> **Assignment**
Using the entries below, show all lines with the string "allI".

(Saved entries)
════════════════
(* Let $F$ be a field of characteristic zero. Let $N\ge0$ and let $\{d_s\}_{s\ge N}\subseteq\mathbb{N}$, $\{\tau_s\}_{s\ge N}\subseteq\mathbb{N}$ be fixed. Suppose a family of elements $\beta^s_i\in F$ ($s\ge N$, $i\ge\tau_s$) satisfies $$\beta^n_m\beta^s_t=\beta^n_m\beta^s_{m+t+d_n}+\beta^s_t\beta^n_{m+t+d_s}\quad\text{for all } n,s\ge N,\ m\ge\tau_n,\ t\ge\tau_s.$$ Then either $\beta^s_t=0$ for all $s\ge N$, $t\ge\tau_s$, or there exist a set $I\subseteq\mathbb{N}$ and integers $\Delta$, $\{k_i\}_{i\in I}$ with $\beta^i_{k_i}\ne0$, $0\le k_i-\tau_i<\Delta\le k_i+d_i$ and $\Delta\mid k_i+d_i$ for $i\in I$, such that for all $s\ge N$, $t\ge\tau_s$: $$\beta^s_t=\begin{cases}\dfrac{(k_s+d_s)\beta^s_{k_s}}{k_s+d_s+\Delta l}, & s\in I,\ t=k_s+\Delta l,\ l\ge0,\\ 0,&\text{otherwise}.\end{cases}$$ In particular, if $d_s=\tau_s=0$ for all $s$, then $\beta^s_t=0$ for all $s\ge N$, $t\ge\tau_s$.
   Context: $\mathbb{N}$ includes $0$. The notation $\beta^s_t$ denotes an element indexed by two indices $s$ and $t$; the superscript is not a power. *)

theory Defs
  imports Main
begin

end

theory Submission
  imports Defs
begin

text \<open>
  For fixed s, the relation with n = s reads
  beta s m * beta s t = (beta s m + beta s t) * beta s (m + t + d s); so for every m in the
  support S of beta s on [tau s, \<infinity>), the number m + d s is a period of S on that half-line.
  Such periods are closed under differences, hence the least one, \<Delta>, divides all of them and
  S is an arithmetic progression k + \<Delta> \<nat> with k - tau s < \<Delta> and \<Delta> dvd k + d s.
  Along it, h l = 1 / beta s (k + \<Delta> l) satisfies h (a + b + e) = h a + h b, where
  \<Delta> e = k + d s; so h is affine with h e = 2 h 0, which is the harmonic formula.
  For n \<noteq> s the relation still shows that beta n m \<noteq> 0 and beta s (m + t + d n) \<noteq> 0 force
  beta s t \<noteq> 0. Hence the period of beta s divides m + d n for every m in the support of
  beta n, so the periods of beta s and beta n divide each other and all coincide.
  If d s = tau s = 0 then \<Delta> \<le> k + d s = k < tau s + \<Delta> = \<Delta>, so the support is empty.
\<close>

definition period_from :: "nat \<Rightarrow> nat set \<Rightarrow> nat \<Rightarrow> bool" where
  "period_from a S p \<longleftrightarrow> (\<forall>t\<ge>a. t \<in> S \<longleftrightarrow> t + p \<in> S)"

lemma period_fromD: "period_from a S p \<Longrightarrow> a \<le> t \<Longrightarrow> t \<in> S \<longleftrightarrow> t + p \<in> S"
  unfolding period_from_def by blast

lemma period_from_diff:
  assumes p: "period_from a S p" and q: "period_from a S q" and "p \<le> q"
  shows "period_from a S (q - p)"
  unfolding period_from_def
proof (intro allI impI)
  fix t assume "a \<le> t"
  have "t + (q - p) \<in> S \<longleftrightarrow> t + (q - p) + p \<in> S"
    using \<open>a \<le> t\<close> by (intro period_fromD[OF p]) simp
  also have "t + (q - p) + p = t + q"
    using \<open>p \<le> q\<close> by simp
  finally show "t \<in> S \<longleftrightarrow> t + (q - p) \<in> S"
    using period_fromD[OF q \<open>a \<le> t\<close>] by blast
qed

lemma period_from_mult:
  assumes p: "period_from a S p"
  shows "period_from a S (j * p)"
proof (induction j)
  case 0
  then show ?case by (simp add: period_from_def)
next
  case (Suc j)
  show ?case
    unfolding period_from_def
  proof (intro allI impI)
    fix t assume "a \<le> t"
    then have "t \<in> S \<longleftrightarrow> t + j * p \<in> S"
      by (rule period_fromD[OF Suc.IH])
    also have "\<dots> \<longleftrightarrow> t + j * p + p \<in> S"
      using \<open>a \<le> t\<close> by (intro period_fromD[OF p]) simp
    finally show "t \<in> S \<longleftrightarrow> t + Suc j * p \<in> S"
      by (simp add: ac_simps)
  qed
qed

lemma period_from_mod:
  assumes "period_from a S p" and "period_from a S D"
  shows "period_from a S (p mod D)"
  using period_from_diff[OF period_from_mult[OF assms(2), of "p div D"] assms(1)]
  by (simp add: minus_div_mult_eq_mod)

lemma Least_period_from_dvd:
  assumes p: "period_from a S p"
  shows "(LEAST D. 0 < D \<and> period_from a S D) dvd p"
proof (cases "p = 0")
  case False
  define D where "D = (LEAST D. 0 < D \<and> period_from a S D)"
  have D: "0 < D" "period_from a S D"
    using LeastI[of "\<lambda>D. 0 < D \<and> period_from a S D" p] p False unfolding D_def[symmetric] by auto
  have "\<not> (0 < p mod D \<and> period_from a S (p mod D))"
    using not_less_Least[of "p mod D" "\<lambda>D. 0 < D \<and> period_from a S D"] mod_less_divisor[OF D(1)]
    unfolding D_def[symmetric] by blast
  then have "p mod D = 0"
    using period_from_mod[OF p D(2)] by simp
  then show ?thesis
    unfolding D_def[symmetric] by (simp add: dvd_eq_mod_eq_0)
qed simp

lemma arith_progression_if_element_periods:
  fixes S :: "nat set"
  assumes S_ge: "S \<subseteq> {a..}" and "S \<noteq> {}"
    and pos: "\<And>m. m \<in> S \<Longrightarrow> 0 < m + c"
    and periodic: "\<And>m. m \<in> S \<Longrightarrow> period_from a S (m + c)"
  obtains k D where "a \<le> k" "k < a + D" "0 < D" "D dvd k + c" "S = range (\<lambda>l. k + D * l)"
proof -
  define k where "k = (LEAST t. t \<in> S)"
  have k: "k \<in> S" and k_min: "\<And>t. t \<in> S \<Longrightarrow> k \<le> t"
    using \<open>S \<noteq> {}\<close> unfolding k_def by (auto intro: LeastI Least_le)
  define D where "D = (LEAST D. 0 < D \<and> period_from a S D)"
  have D: "0 < D" "period_from a S D"
    using LeastI[of "\<lambda>D. 0 < D \<and> period_from a S D", OF conjI[OF pos periodic, OF k k]]
    unfolding D_def by auto
  have D_dvd: "D dvd m + c" if "m \<in> S" for m
    unfolding D_def by (rule Least_period_from_dvd[OF periodic[OF that]])
  have "S = range (\<lambda>l. k + D * l)"
  proof (intro equalityI subsetI)
    fix t assume "t \<in> S"
    then have "D dvd (t + c) - (k + c)"
      using dvd_diff_nat D_dvd k by blast
    then obtain l where "t - k = D * l" by auto
    then show "t \<in> range (\<lambda>l. k + D * l)"
      using k_min[OF \<open>t \<in> S\<close>] by (metis le_add_diff_inverse rangeI)
  next
    fix t assume "t \<in> range (\<lambda>l. k + D * l)"
    then obtain l where "t = k + D * l" by auto
    moreover have "k \<in> S \<longleftrightarrow> k + l * D \<in> S"
      using S_ge k by (intro period_fromD[OF period_from_mult[OF D(2)]]) auto
    ultimately show "t \<in> S"
      using k by (simp add: mult.commute)
  qed
  moreover have "k < a + D"
  proof (rule ccontr)
    assume "\<not> k < a + D"
    then have "k - D \<in> S \<longleftrightarrow> k - D + D \<in> S"
      by (intro period_fromD[OF D(2)]) simp
    then have "k - D \<in> S"
      using k \<open>\<not> k < a + D\<close> by simp
    then show False using k_min[of "k - D"] D(1) \<open>\<not> k < a + D\<close> by simp
  qed
  moreover have "a \<le> k" using S_ge k by auto
  ultimately show thesis using that D(1) D_dvd[OF k] by blast
qed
════════════════
> **Answer space**
proof (intro allI impI)
  proof (intro allI impI)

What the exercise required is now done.